lemma psd_kernel_rank_one_decomposition:
  "psd_kernel n g \<Longrightarrow> \<exists>us. \<forall>i<n. \<forall>j<n. g i j = (\<Sum>u\<leftarrow>us. u i * cnj (u j))"
proof (induction n arbitrary: g)
  case (Suc n)
  obtain us where us: "\<And>i j. i < n \<Longrightarrow> j < n \<Longrightarrow>
      g i j - g i n * g n j / g n n = (\<Sum>u\<leftarrow>us. u i * cnj (u j))"
    using Suc.IH[OF psd_kernel_schur_complement[OF Suc.prems]] by blast
  define d where "d = Re (g n n)"
  have gnn: "g n n = complex_of_real d" unfolding d_def by (rule psd_kernel_diag_real[OF Suc.prems]) simp
  have "d \<ge> 0" unfolding d_def by (rule psd_kernel_diag_nonneg[OF Suc.prems]) simp
  define u0 where "u0 i = g i n / complex_of_real (sqrt d)" for i
    \<comment> \<open>for \<open>d = 0\<close> this is 0, matching the vanishing last row and column\<close>
  have u0: "u0 i * cnj (u0 j) = g i n * g n j / g n n" if "j < Suc n" for i j
  proof -
    have "cnj (g j n) = g n j" using psd_kernel_herm[OF Suc.prems that, of n] by simp
    moreover have "complex_of_real (sqrt d) * complex_of_real (sqrt d) = g n n"
      using \<open>d \<ge> 0\<close> gnn by (simp flip: of_real_mult)
    ultimately show ?thesis unfolding u0_def by (simp add: field_simps)
  qed
  define extend where "extend u i = (if i < n then u i else 0)" for u :: "nat \<Rightarrow> complex" and i
  show ?case
  proof (intro exI allI impI)
    fix i j assume "i < Suc n" "j < Suc n"
    show "g i j = (\<Sum>u\<leftarrow>u0 # map extend us. u i * cnj (u j))"
    proof (cases "i < n \<and> j < n")
      case True
      then have "g i j = u0 i * cnj (u0 j) + (\<Sum>u\<leftarrow>us. u i * cnj (u j))"
        using us[of i j] u0[OF \<open>j < Suc n\<close>] by (simp add: diff_eq_eq add.commute)
      then show ?thesis using True by (simp add: extend_def o_def)
    next
      case False
      then have "i = n \<or> j = n" using \<open>i < Suc n\<close> \<open>j < Suc n\<close> by auto
      then have "g i j = u0 i * cnj (u0 j)"
        using psd_kernel_last_row_col[OF Suc.prems \<open>i < Suc n\<close> \<open>j < Suc n\<close>] u0[OF \<open>j < Suc n\<close>] by simp
      then show ?thesis using False by (auto simp: extend_def o_def)
    qed
  qed
qed simp

lemma psd_kernel_zero: "psd_kernel n (\<lambda>_ _. 0)"
  by (rule psd_kernelI) (simp_all add: qform_def)

lemma psd_kernel_sum_list:
  "(\<And>u. u \<in> set us \<Longrightarrow> psd_kernel n (K u)) \<Longrightarrow> psd_kernel n (\<lambda>i j. \<Sum>u\<leftarrow>us. K u i j)"
  by (induction us) (simp_all add: psd_kernel_zero psd_kernel_add)

section \<open>Positive semidefinite matrices and the measure-and-prepare channel\<close>

lemma dim_mat_adjoint [simp]:
  "dim_row (mat_adjoint A) = dim_col A" "dim_col (mat_adjoint A) = dim_row A"
  unfolding mat_adjoint_def by auto

lemma index_mat_adjoint [simp]:
  "i < dim_col A \<Longrightarrow> j < dim_row A \<Longrightarrow> mat_adjoint A $$ (i, j) = cnj (A $$ (j, i))"
  unfolding mat_adjoint_def by (simp add: mat_of_rows_def)

lemma quadratic_form_eq_qform:
  assumes "A \<in> carrier_mat n n" "v \<in> carrier_vec n"
  shows "conjugate v \<bullet> (A *\<^sub>v v) = qform n (\<lambda>i j. A $$ (i, j)) (\<lambda>i. v $ i)"
  using assms by (simp add: qform_def scalar_prod_def sum_distrib_left atLeast0LessThan mult.assoc)

lemma mat_adjoint_eq_iff:
  assumes A: "A \<in> carrier_mat n n"
  shows "mat_adjoint A = A \<longleftrightarrow> (\<forall>i<n. \<forall>j<n. A $$ (j, i) = cnj (A $$ (i, j)))"
proof
  assume adj: "mat_adjoint A = A"
  show "\<forall>i<n. \<forall>j<n. A $$ (j, i) = cnj (A $$ (i, j))"
  proof (intro allI impI)
    fix i j assume "i < n" "j < n"
    have "A $$ (j, i) = mat_adjoint A $$ (j, i)" using adj by simp
    also have "\<dots> = cnj (A $$ (i, j))"
      by (rule index_mat_adjoint) (use A \<open>i < n\<close> \<open>j < n\<close> in auto)
    finally show "A $$ (j, i) = cnj (A $$ (i, j))" .
  qed
next
  assume herm: "\<forall>i<n. \<forall>j<n. A $$ (j, i) = cnj (A $$ (i, j))"
  show "mat_adjoint A = A"
  proof (rule eq_matI)
    fix i j assume "i < dim_row A" "j < dim_col A"
    then have ij: "i < n" "j < n" using A by auto
    then have "A $$ (i, j) = cnj (A $$ (j, i))" using herm by blast
    then show "mat_adjoint A $$ (i, j) = A $$ (i, j)" using A ij by simp
  qed (use A in auto)
qed

lemma quadratic_form_nonneg_iff_qform_nonneg:
  assumes A: "A \<in> carrier_mat n n"
  shows "(\<forall>v \<in> carrier_vec n. 0 \<le> Re (conjugate v \<bullet> (A *\<^sub>v v)))
     \<longleftrightarrow> (\<forall>x. 0 \<le> Re (qform n (\<lambda>i j. A $$ (i, j)) x))"
proof safe
  fix v :: "complex vec" assume "\<forall>x. 0 \<le> Re (qform n (\<lambda>i j. A $$ (i, j)) x)" "v \<in> carrier_vec n"
  then show "0 \<le> Re (conjugate v \<bullet> (A *\<^sub>v v))" using quadratic_form_eq_qform[OF A] by simp
next
  fix x assume "\<forall>v \<in> carrier_vec n. 0 \<le> Re (conjugate v \<bullet> (A *\<^sub>v v))"
  then have "0 \<le> Re (conjugate (vec n x) \<bullet> (A *\<^sub>v vec n x))" using vec_carrier by blast
  then have "0 \<le> Re (qform n (\<lambda>i j. A $$ (i, j)) (\<lambda>i. vec n x $ i))"
    unfolding quadratic_form_eq_qform[OF A vec_carrier] .
  also have "qform n (\<lambda>i j. A $$ (i, j)) (\<lambda>i. vec n x $ i) = qform n (\<lambda>i j. A $$ (i, j)) x"
    unfolding qform_def by (intro sum.cong refl) simp
  finally show "0 \<le> Re (qform n (\<lambda>i j. A $$ (i, j)) x)" .
qed

lemma psd_mat_iff_psd_kernel:
  "psd_mat n A \<longleftrightarrow> A \<in> carrier_mat n n \<and> psd_kernel n (\<lambda>i j. A $$ (i, j))"
  unfolding psd_mat_def psd_kernel_def
  using mat_adjoint_eq_iff quadratic_form_nonneg_iff_qform_nonneg by blast

definition measure_prepare :: "complex mat \<Rightarrow> complex mat \<Rightarrow> complex mat \<Rightarrow> complex mat" where
  "measure_prepare \<gamma> \<omega> Y = Y $$ (0, 0) \<cdot>\<^sub>m \<gamma> + Y $$ (1, 1) \<cdot>\<^sub>m \<omega>"

lemma index_id_tensor_measure_prepare:
  assumes "\<gamma> \<in> carrier_mat n n" "\<omega> \<in> carrier_mat n n" "a < k * n" "b < k * n"
  shows "id_tensor n k (measure_prepare \<gamma> \<omega>) X $$ (a, b)
       = X $$ (2 * (a div n), 2 * (b div n)) * \<gamma> $$ (a mod n, b mod n)
       + X $$ (2 * (a div n) + 1, 2 * (b div n) + 1) * \<omega> $$ (a mod n, b mod n)"
proof -
  have "n > 0" using assms(3) by (cases n) auto
  then show ?thesis using assms unfolding id_tensor_def measure_prepare_def by simp
qed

**WHAT YOU NEED TO DO:** All lines from the listing above that include "close" should be shown.

**EXERCISE SOLUTION:**
    \<comment> \<open>for \<open>d = 0\<close> this is 0, matching the vanishing last row and column\<close>
      using \<open>d \<ge> 0\<close> gnn by (simp flip: of_real_mult)
        using us[of i j] u0[OF \<open>j < Suc n\<close>] by (simp add: diff_eq_eq add.commute)
      then have "i = n \<or> j = n" using \<open>i < Suc n\<close> \<open>j < Suc n\<close> by auto
        using psd_kernel_last_row_col[OF Suc.prems \<open>i < Suc n\<close> \<open>j < Suc n\<close>] u0[OF \<open>j < Suc n\<close>] by simp
section \<open>Positive semidefinite matrices and the measure-and-prepare channel\<close>
      by (rule index_mat_adjoint) (use A \<open>i < n\<close> \<open>j < n\<close> in auto)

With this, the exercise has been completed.